** PROBLEM STATEMENT **
Could you set down the full listing, unchanged?

** EXTRACTED MATERIAL **

lemma borel_measurable_derivative_on_pos:
  fixes H h :: "real \<Rightarrow> real"
  assumes deriv: "\<And>x. 0 < x \<Longrightarrow> (H has_real_derivative h x) (at x)"
  shows "(\<lambda>x. if 0 < x then h x else 0) \<in> borel_measurable borel"
proof (rule borel_measurable_LIMSEQ_real)
  let ?u = "\<lambda>n x. indicator {0<..} x *\<^sub>R ((H (x + 1 / Suc n) - H x) / (1 / Suc n))"
  show "?u n \<in> borel_measurable borel" for n
  proof (intro borel_measurable_continuous_on_indicator)
    have "continuous_on {0<..} H"
      using deriv by (intro continuous_at_imp_continuous_on ballI DERIV_isCont) auto
    then show "continuous_on {0<..} (\<lambda>x. (H (x + 1 / Suc n) - H x) / (1 / Suc n))"
      by (intro continuous_intros) (auto elim!: continuous_on_compose2 intro: continuous_intros add_pos_pos)
  qed simp
  show "(\<lambda>n. ?u n x) \<longlonglongrightarrow> (if 0 < x then h x else 0)" for x
  proof (cases "0 < x")
    case True
    have "(\<lambda>n. x + 1 / Suc n) \<longlonglongrightarrow> x + 0"
      by (intro tendsto_add tendsto_const LIMSEQ_Suc[OF lim_const_over_n])
    then have "filterlim (\<lambda>n. x + 1 / Suc n) (at x) sequentially"
      by (simp add: filterlim_at)
    with deriv[OF True] have "(\<lambda>n. (H (x + 1 / Suc n) - H x) / (x + 1 / Suc n - x)) \<longlonglongrightarrow> h x"
      unfolding has_field_derivative_iff by (rule filterlim_compose)
    then show ?thesis
      using True by simp
  qed simp
qed

lemma DERIV_nonneg_if_right_mono:
  fixes H :: "real \<Rightarrow> real"
  assumes "(H has_real_derivative D) (at x)" and "\<And>y. x \<le> y \<Longrightarrow> H x \<le> H y"
  shows "0 \<le> D"
proof (rule ccontr)
  assume "\<not> 0 \<le> D"
  then obtain d where "d > 0" and "\<And>\<delta>. 0 < \<delta> \<Longrightarrow> \<delta> < d \<Longrightarrow> H (x + \<delta>) < H x"
    using DERIV_neg_dec_right[OF assms(1)] by auto
  then have "H (x + d / 2) < H x"
    by simp
  with assms(2)[of "x + d / 2"] \<open>d > 0\<close> show False
    by simp
qed

lemma (in prob_space) distributed_of_cdf:
  fixes X :: "'a \<Rightarrow> real" and H h :: "real \<Rightarrow> real"
  assumes X: "X \<in> borel_measurable M"
    and cdf: "\<And>y. prob {\<omega> \<in> space M. X \<omega> \<le> y} = H y"
    and H0: "\<And>y. y \<le> 0 \<Longrightarrow> H y = 0"
    and cont: "continuous_on {0..} H"
    and deriv: "\<And>x. 0 < x \<Longrightarrow> (H has_real_derivative h x) (at x)"
  shows "distributed M lborel X (\<lambda>x. ennreal (if 0 < x then h x else 0))"
proof (rule distributedI_borel_atMost[where g = H])
  let ?f = "\<lambda>x. if 0 < x then h x else 0"
  have mono: "H x \<le> H y" if "x \<le> y" for x y
    unfolding cdf[symmetric] using X that by (intro finite_measure_mono) auto
  have "0 \<le> h x" if "0 < x" for x
    using deriv[OF that] mono by (rule DERIV_nonneg_if_right_mono)
  then have nonneg: "0 \<le> ?f x" for x
    by simp
  then show "AE x in lborel. 0 \<le> ?f x"
    by simp
  show "?f \<in> borel_measurable borel"
    using deriv by (rule borel_measurable_derivative_on_pos)
  show "(\<integral>\<^sup>+x. ennreal (?f x * indicator {..y} x) \<partial>lborel) = ennreal (H y)" for y
  proof (cases "0 < y")
    case True
    have "(\<integral>\<^sup>+x. ennreal (?f x * indicator {..y} x) \<partial>lborel)
        = (\<integral>\<^sup>+x. ennreal (?f x) * indicator {0..y} x \<partial>lborel)"
      by (intro nn_integral_cong) (simp split: split_indicator)
    also have "\<dots> = ennreal (H y - H 0)"
    proof (intro nn_integral_has_integral_lebesgue' fundamental_theorem_of_calculus_interior)
      show "continuous_on {0..y} H"
        using cont by (rule continuous_on_subset) auto
      show "(H has_vector_derivative ?f x) (at x)" if "x \<in> {0<..<y}" for x
        using deriv[of x] that by (simp add: has_real_derivative_iff_has_vector_derivative)
    qed (use True nonneg in auto)
    finally show ?thesis
      by (simp add: H0)
  next
    case False
    then have "(\<lambda>x. ennreal (?f x * indicator {..y} x)) = (\<lambda>x. 0)"
      by (auto split: split_indicator)
    then show ?thesis
      using False H0 by simp
  qed
  show "emeasure M {\<omega> \<in> space M. X \<omega> \<le> y} = ennreal (H y)" for y
    using cdf by (simp add: emeasure_eq_measure)
qed (rule X)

** WRITTEN RESPONSE **
lemma borel_measurable_derivative_on_pos:
  fixes H h :: "real \<Rightarrow> real"
  assumes deriv: "\<And>x. 0 < x \<Longrightarrow> (H has_real_derivative h x) (at x)"
  shows "(\<lambda>x. if 0 < x then h x else 0) \<in> borel_measurable borel"
proof (rule borel_measurable_LIMSEQ_real)
  let ?u = "\<lambda>n x. indicator {0<..} x *\<^sub>R ((H (x + 1 / Suc n) - H x) / (1 / Suc n))"
  show "?u n \<in> borel_measurable borel" for n
  proof (intro borel_measurable_continuous_on_indicator)
    have "continuous_on {0<..} H"
      using deriv by (intro continuous_at_imp_continuous_on ballI DERIV_isCont) auto
    then show "continuous_on {0<..} (\<lambda>x. (H (x + 1 / Suc n) - H x) / (1 / Suc n))"
      by (intro continuous_intros) (auto elim!: continuous_on_compose2 intro: continuous_intros add_pos_pos)
  qed simp
  show "(\<lambda>n. ?u n x) \<longlonglongrightarrow> (if 0 < x then h x else 0)" for x
  proof (cases "0 < x")
    case True
    have "(\<lambda>n. x + 1 / Suc n) \<longlonglongrightarrow> x + 0"
      by (intro tendsto_add tendsto_const LIMSEQ_Suc[OF lim_const_over_n])
    then have "filterlim (\<lambda>n. x + 1 / Suc n) (at x) sequentially"
      by (simp add: filterlim_at)
    with deriv[OF True] have "(\<lambda>n. (H (x + 1 / Suc n) - H x) / (x + 1 / Suc n - x)) \<longlonglongrightarrow> h x"
      unfolding has_field_derivative_iff by (rule filterlim_compose)
    then show ?thesis
      using True by simp
  qed simp
qed

lemma DERIV_nonneg_if_right_mono:
  fixes H :: "real \<Rightarrow> real"
  assumes "(H has_real_derivative D) (at x)" and "\<And>y. x \<le> y \<Longrightarrow> H x \<le> H y"
  shows "0 \<le> D"
proof (rule ccontr)
  assume "\<not> 0 \<le> D"
  then obtain d where "d > 0" and "\<And>\<delta>. 0 < \<delta> \<Longrightarrow> \<delta> < d \<Longrightarrow> H (x + \<delta>) < H x"
    using DERIV_neg_dec_right[OF assms(1)] by auto
  then have "H (x + d / 2) < H x"
    by simp
  with assms(2)[of "x + d / 2"] \<open>d > 0\<close> show False
    by simp
qed

lemma (in prob_space) distributed_of_cdf:
  fixes X :: "'a \<Rightarrow> real" and H h :: "real \<Rightarrow> real"
  assumes X: "X \<in> borel_measurable M"
    and cdf: "\<And>y. prob {\<omega> \<in> space M. X \<omega> \<le> y} = H y"
    and H0: "\<And>y. y \<le> 0 \<Longrightarrow> H y = 0"
    and cont: "continuous_on {0..} H"
    and deriv: "\<And>x. 0 < x \<Longrightarrow> (H has_real_derivative h x) (at x)"
  shows "distributed M lborel X (\<lambda>x. ennreal (if 0 < x then h x else 0))"
proof (rule distributedI_borel_atMost[where g = H])
  let ?f = "\<lambda>x. if 0 < x then h x else 0"
  have mono: "H x \<le> H y" if "x \<le> y" for x y
    unfolding cdf[symmetric] using X that by (intro finite_measure_mono) auto
  have "0 \<le> h x" if "0 < x" for x
    using deriv[OF that] mono by (rule DERIV_nonneg_if_right_mono)
  then have nonneg: "0 \<le> ?f x" for x
    by simp
  then show "AE x in lborel. 0 \<le> ?f x"
    by simp
  show "?f \<in> borel_measurable borel"
    using deriv by (rule borel_measurable_derivative_on_pos)
  show "(\<integral>\<^sup>+x. ennreal (?f x * indicator {..y} x) \<partial>lborel) = ennreal (H y)" for y
  proof (cases "0 < y")
    case True
    have "(\<integral>\<^sup>+x. ennreal (?f x * indicator {..y} x) \<partial>lborel)
        = (\<integral>\<^sup>+x. ennreal (?f x) * indicator {0..y} x \<partial>lborel)"
      by (intro nn_integral_cong) (simp split: split_indicator)
    also have "\<dots> = ennreal (H y - H 0)"
    proof (intro nn_integral_has_integral_lebesgue' fundamental_theorem_of_calculus_interior)
      show "continuous_on {0..y} H"
        using cont by (rule continuous_on_subset) auto
      show "(H has_vector_derivative ?f x) (at x)" if "x \<in> {0<..<y}" for x
        using deriv[of x] that by (simp add: has_real_derivative_iff_has_vector_derivative)
    qed (use True nonneg in auto)
    finally show ?thesis
      by (simp add: H0)
  next
    case False
    then have "(\<lambda>x. ennreal (?f x * indicator {..y} x)) = (\<lambda>x. 0)"
      by (auto split: split_indicator)
    then show ?thesis
      using False H0 by simp
  qed
  show "emeasure M {\<omega> \<in> space M. X \<omega> \<le> y} = ennreal (H y)" for y
    using cdf by (simp add: emeasure_eq_measure)
qed (rule X)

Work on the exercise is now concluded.